Nine B/Yamagata lineage viruses have been characterized antigenically since the last characterization report and a total of 23 have been characterized from the 2018–2019 season. All had HA genes that fell into clade 3 and encoded 2 HA amino acid substitutions not present in the virus recommended for inclusion in quadrivalent vaccines for the 2018–2019 and 2019–2020 northern hemisphere influenza seasons, B/Phuket/3073/2013. However, all 23 viruses remained antigenically similar to the vaccine virus.
On 21 February 2019, WHO published recommendations for the components of influenza vaccines for use in the 2019–2020 northern hemisphere influenza season; the recommendations were finalized on 21 March. Vaccines should contain the following:
- an A/Brisbane/02/2018 (H1N1)pdm09-like virus (Clade 6B.1A1);
- an A/Kansas/14/2017 (H3N2)-like virus (Clade 3C.3a);
- a B/Colorado/06/2017-like virus (B/Victoria/2/87 lineage) (Clade 1A_Δ2); and
- a B/Phuket/3073/2013-like virus (B/Yamagata/16/88 lineage) (Clade 3).

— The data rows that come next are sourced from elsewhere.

theorem lemma2p3:
  fixes m n i j :: nat and P :: "nat list"
  assumes "m \<ge> 1" and "n \<ge> 3"
    and "i \<in> dw_vertices m n" and "j \<in> dw_vertices m n"
    and "dw_walk_from_to m n P i j" and "walk_len P = 2 * n - 1"
  defines "A \<equiv> i = 1 \<and> (\<exists>k\<in>{1..m}. j = (k - 1) * (n - 1) + n) \<and>
      (\<exists>W. dw_walk_from_to m n W 1 j \<and> walk_len W = n - 1 \<and>
           (\<forall>W'. dw_walk_from_to m n W' 1 j \<and> walk_len W' = n - 1 \<longrightarrow> W' = W) \<and>
           (\<exists>s\<in>{1..m}. P = W \<circ>\<^sub>w cyc n s))"
    and "B \<equiv> j = 1 \<and> (\<exists>k\<in>{1..m}. i = (k - 1) * (n - 1) + 2) \<and>
      (\<exists>W. dw_walk_from_to m n W i 1 \<and> walk_len W = n - 1 \<and>
           (\<forall>W'. dw_walk_from_to m n W' i 1 \<and> walk_len W' = n - 1 \<longrightarrow> W' = W) \<and>
           (\<exists>s\<in>{1..m}. P = cyc n s \<circ>\<^sub>w W))"
    and "C \<equiv> (\<exists>k\<in>{1..m}. \<exists>r\<in>{1..m}. \<exists>l\<in>{3..n}.
         i = (k - 1) * (n - 1) + l \<and> j = (r - 1) * (n - 1) + (l - 1)) \<and>
      (\<exists>Qi1 Q1j. dw_shortest m n Qi1 i 1 \<and>
           (\<forall>Q. dw_shortest m n Q i 1 \<longrightarrow> Q = Qi1) \<and>
           dw_shortest m n Q1j 1 j \<and>
           (\<forall>Q. dw_shortest m n Q 1 j \<longrightarrow> Q = Q1j) \<and>
           dw_walk_from_to m n (Q1j \<circ>\<^sub>w Qi1) i j \<and> walk_len (Q1j \<circ>\<^sub>w Qi1) = n - 1 \<and>
           (\<forall>W'. dw_walk_from_to m n W' i j \<and> walk_len W' = n - 1 \<longrightarrow> W' = Q1j \<circ>\<^sub>w Qi1) \<and>
           (\<exists>s\<in>{1..m}. P = Q1j \<circ>\<^sub>w cyc n s \<circ>\<^sub>w Qi1))"
  shows "(A \<and> \<not> B \<and> \<not> C) \<or> (\<not> A \<and> B \<and> \<not> C) \<or> (\<not> A \<and> \<not> B \<and> C)"
proof -
  have "A \<Longrightarrow> i = 1 \<and> (\<exists>k. j = blade n k n)" "B \<Longrightarrow> j = 1 \<and> (\<exists>k. i = blade n k 2)"
    "C \<Longrightarrow> \<exists>k r l. l \<in> {3..n} \<and> i = blade n k l \<and> j = blade n r (l - 1)"
    unfolding A_def B_def C_def by blast+
  then have A_ends: "A \<Longrightarrow> i = 1 \<and> j \<noteq> 1" and B_ends: "B \<Longrightarrow> j = 1 \<and> i \<noteq> 1"
    and C_ends: "C \<Longrightarrow> i \<noteq> 1 \<and> j \<noteq> 1"
    using assms(2) by fastforce+
  have "A \<or> B \<or> C"
    using assms(2,3)
  proof (cases rule: dw_vertex_cases)
    case hub
    with dw_walk_2n_from_hub[OF assms(2) _ assms(6)] assms(5) have A
      unfolding A_def dw_unique_walk_def conj_assoc by (simp only: simp_thms)
    then show ?thesis ..
  next
    case first_blade_vertex
    with dw_walk_2n_from_blade_start[OF assms(2) _ assms(5,6)] have B
      unfolding B_def dw_unique_walk_def conj_assoc by (simp only: simp_thms)
    then show ?thesis by blast
  next
    case inner_blade_vertex
    with dw_walk_2n_from_inner_blade[OF assms(2) _ assms(5,6)] have C
      unfolding C_def dw_unique_shortest_def dw_unique_walk_def conj_assoc by (simp only: simp_thms)
    then show ?thesis by blast
  qed
  then show ?thesis using A_ends B_ends C_ends by blast
qed

end
lemma inc_geodesic_iff:
  "inc_geodesic V E xs \<longleftrightarrow> xs \<noteq> [] \<and> set xs \<subseteq> V \<and>
     (\<forall>i. Suc i < length xs \<longrightarrow> {xs ! i, xs ! Suc i} \<in> E) \<and> sorted_wrt (<) (edge_dirs xs)"
  by (auto simp: inc_geodesic_def sorted_wrt_iff_nth_Suc_transp edge_dirs_def)

lemma inc_geodesic_snoc:
  assumes "inc_geodesic V E xs" "v \<in> V" "{last xs, v} \<in> E"
    and "\<forall>d \<in> set (edge_dirs xs). d < direction (last xs) v"
  shows "inc_geodesic V E (xs @ [v])"
proof -
  have "xs \<noteq> []" using assms(1) by (simp add: inc_geodesic_def)
  have "{(xs @ [v]) ! i, (xs @ [v]) ! Suc i} \<in> E" if "Suc i < length (xs @ [v])" for i
  proof (cases "Suc i < length xs")
    case True
    then show ?thesis using assms(1) by (simp add: inc_geodesic_iff nth_append)
  next
    case False
    then have "i = length xs - 1" using that by simp
    then show ?thesis using assms(3) \<open>xs \<noteq> []\<close> by (simp add: nth_append last_conv_nth)
  qed
  then show ?thesis
    using assms \<open>xs \<noteq> []\<close> by (auto simp: inc_geodesic_iff edge_dirs_snoc sorted_wrt_append)
qed

lemma set_edge_dirs_subset:
  assumes "hc_subgraph n V E" "inc_geodesic V E xs"
  shows "set (edge_dirs xs) \<subseteq> {1..n}"
  using assms hc_subgraph_direction by (fastforce simp: edge_dirs_def inc_geodesic_iff)
(* Suppose $\tau\in W^{1,\infty}((0,L);S^{n-1})$ satisfies (C), and let $k=K_\infty(\tau)$. If there exist $u\in W^{1,\infty}((0,L);\mathbb{R}^n)\setminus\{0\}$ and $\lambda\in\mathbb{R}^n$ such that \[ u'+(u\cdot\tau')\tau=\beta\bigl(\lambda-(\lambda\cdot\tau)\tau\bigr),\qquad |u|\,\tau'=k\,u \] hold almost everywhere in $(0,L)$, then $\tau$ is a pseudo-minimiser of $K_\infty$. If in addition $k|u|+\beta\,\lambda\cdot\tau\le0$ on $[0,L]$, then $\tau$ minimises $K_\infty$ among all $\tilde\tau\in W^{1,\infty}((0,L);S^{n-1})$ satisfying (C).
   Context: Standing setup: $n\ge2$, $\ell>0$, $\alpha\colon[0,\ell]\to(0,\infty)$ of bounded variation with $1/\alpha$ bounded; $\psi(s)=\int_0^sd\sigma/\alpha(\sigma)$, $L=\psi(\ell)$, $\phi=\psi^{-1}$, $\beta=\alpha\circ\phi$. Fix $a_1,a_2\in\mathbb{R}^n$, $T_1,T_2\in S^{n-1}$, $a=a_2-a_1$. Constraints (C) on $\tau\colon[0,L]\to S^{n-1}$: $\tau(0)=T_1$, $\tau(L)=T_2$, $\int_0^L\beta\tau\,dt=a$. $K_\infty(\tau)=\operatorname{ess\,sup}|\tau'|$. A map $\tau\in W^{1,\infty}((0,L);S^{n-1})$ satisfying (C) is a pseudo-minimiser of $K_\infty$ if there exists $m\in\mathbb{R}$ with $K_\infty(\tau)\le K_\infty(\tilde\tau)+\frac m{2L}\int_0^L\beta|\tilde\tau-\tau|^2\,dt$ for all $\tilde\tau\in W^{1,\infty}((0,L);S^{n-1})$ satisfying (C). *)

theory Defs
  imports "HOL-Analysis.Analysis" "HOL-Probability.Essential_Supremum"
begin

definition bounded_variation_on :: "(real \<Rightarrow> real) \<Rightarrow> real \<Rightarrow> real \<Rightarrow> bool" where
  "bounded_variation_on f a b \<longleftrightarrow>
     (\<exists>B. \<forall>xs. sorted xs \<longrightarrow> set xs \<subseteq> {a..b} \<longrightarrow>
        (\<Sum>(x,y)\<leftarrow>zip xs (tl xs). \<bar>f y - f x\<bar>) \<le> B)"

definition psi :: "(real \<Rightarrow> real) \<Rightarrow> real \<Rightarrow> real" where
  "psi \<alpha> s = integral {0..s} (\<lambda>\<sigma>. 1 / \<alpha> \<sigma>)"

definition Lpar :: "(real \<Rightarrow> real) \<Rightarrow> real \<Rightarrow> real" where
  "Lpar \<alpha> ell = psi \<alpha> ell"

definition phi :: "(real \<Rightarrow> real) \<Rightarrow> real \<Rightarrow> real \<Rightarrow> real" where
  "phi \<alpha> ell = the_inv_into {0..ell} (psi \<alpha>)"

definition beta :: "(real \<Rightarrow> real) \<Rightarrow> real \<Rightarrow> real \<Rightarrow> real" where
  "beta \<alpha> ell t = \<alpha> (phi \<alpha> ell t)"

text \<open>W^{1,infty}((0,L);X), identified with Lipschitz maps on [0,L].\<close>
definition W1inf :: "real \<Rightarrow> (real \<Rightarrow> 'a::metric_space) \<Rightarrow> bool" where
  "W1inf L f \<longleftrightarrow> (\<exists>M. M-lipschitz_on {0..L} f)"

definition sphere_valued :: "real \<Rightarrow> (real \<Rightarrow> 'a::real_normed_vector) \<Rightarrow> bool" where
  "sphere_valued L f \<longleftrightarrow> (\<forall>t\<in>{0..L}. norm (f t) = 1)"

definition constraintsC ::
  "real \<Rightarrow> (real \<Rightarrow> real) \<Rightarrow> 'a::euclidean_space \<Rightarrow> 'a \<Rightarrow> 'a \<Rightarrow> (real \<Rightarrow> 'a) \<Rightarrow> bool" where
  "constraintsC L \<beta> T1 T2 a \<tau> \<longleftrightarrow>
     \<tau> 0 = T1 \<and> \<tau> L = T2 \<and> ((\<lambda>t. \<beta> t *\<^sub>R \<tau> t) has_integral a) {0..L}"

definition Kinf :: "real \<Rightarrow> (real \<Rightarrow> 'a::real_normed_vector) \<Rightarrow> ereal" where
  "Kinf L \<tau> = esssup (restrict_space lborel {0<..<L})
                  (\<lambda>t. ereal (norm (vector_derivative \<tau> (at t))))"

It was recommended that the influenza B virus component of trivalent vaccines for use in the 2019–2020 northern hemisphere influenza season be a B/Colorado/06/2017-like virus of the B/Victoria/2/87-lineage.
The full report and Frequently Asked Questions for the 21 February decision and the 21 March addendum are available on the WHO website.
The report from the Vaccine Composition Meeting for the southern hemisphere 2020 season can be found here.
Antiviral susceptibility testing
One A(H3N2) virus, collected in the weeks 40–45/2019 period, tested for susceptibility to neuraminidase inhibitors showed normal inhibition (NI).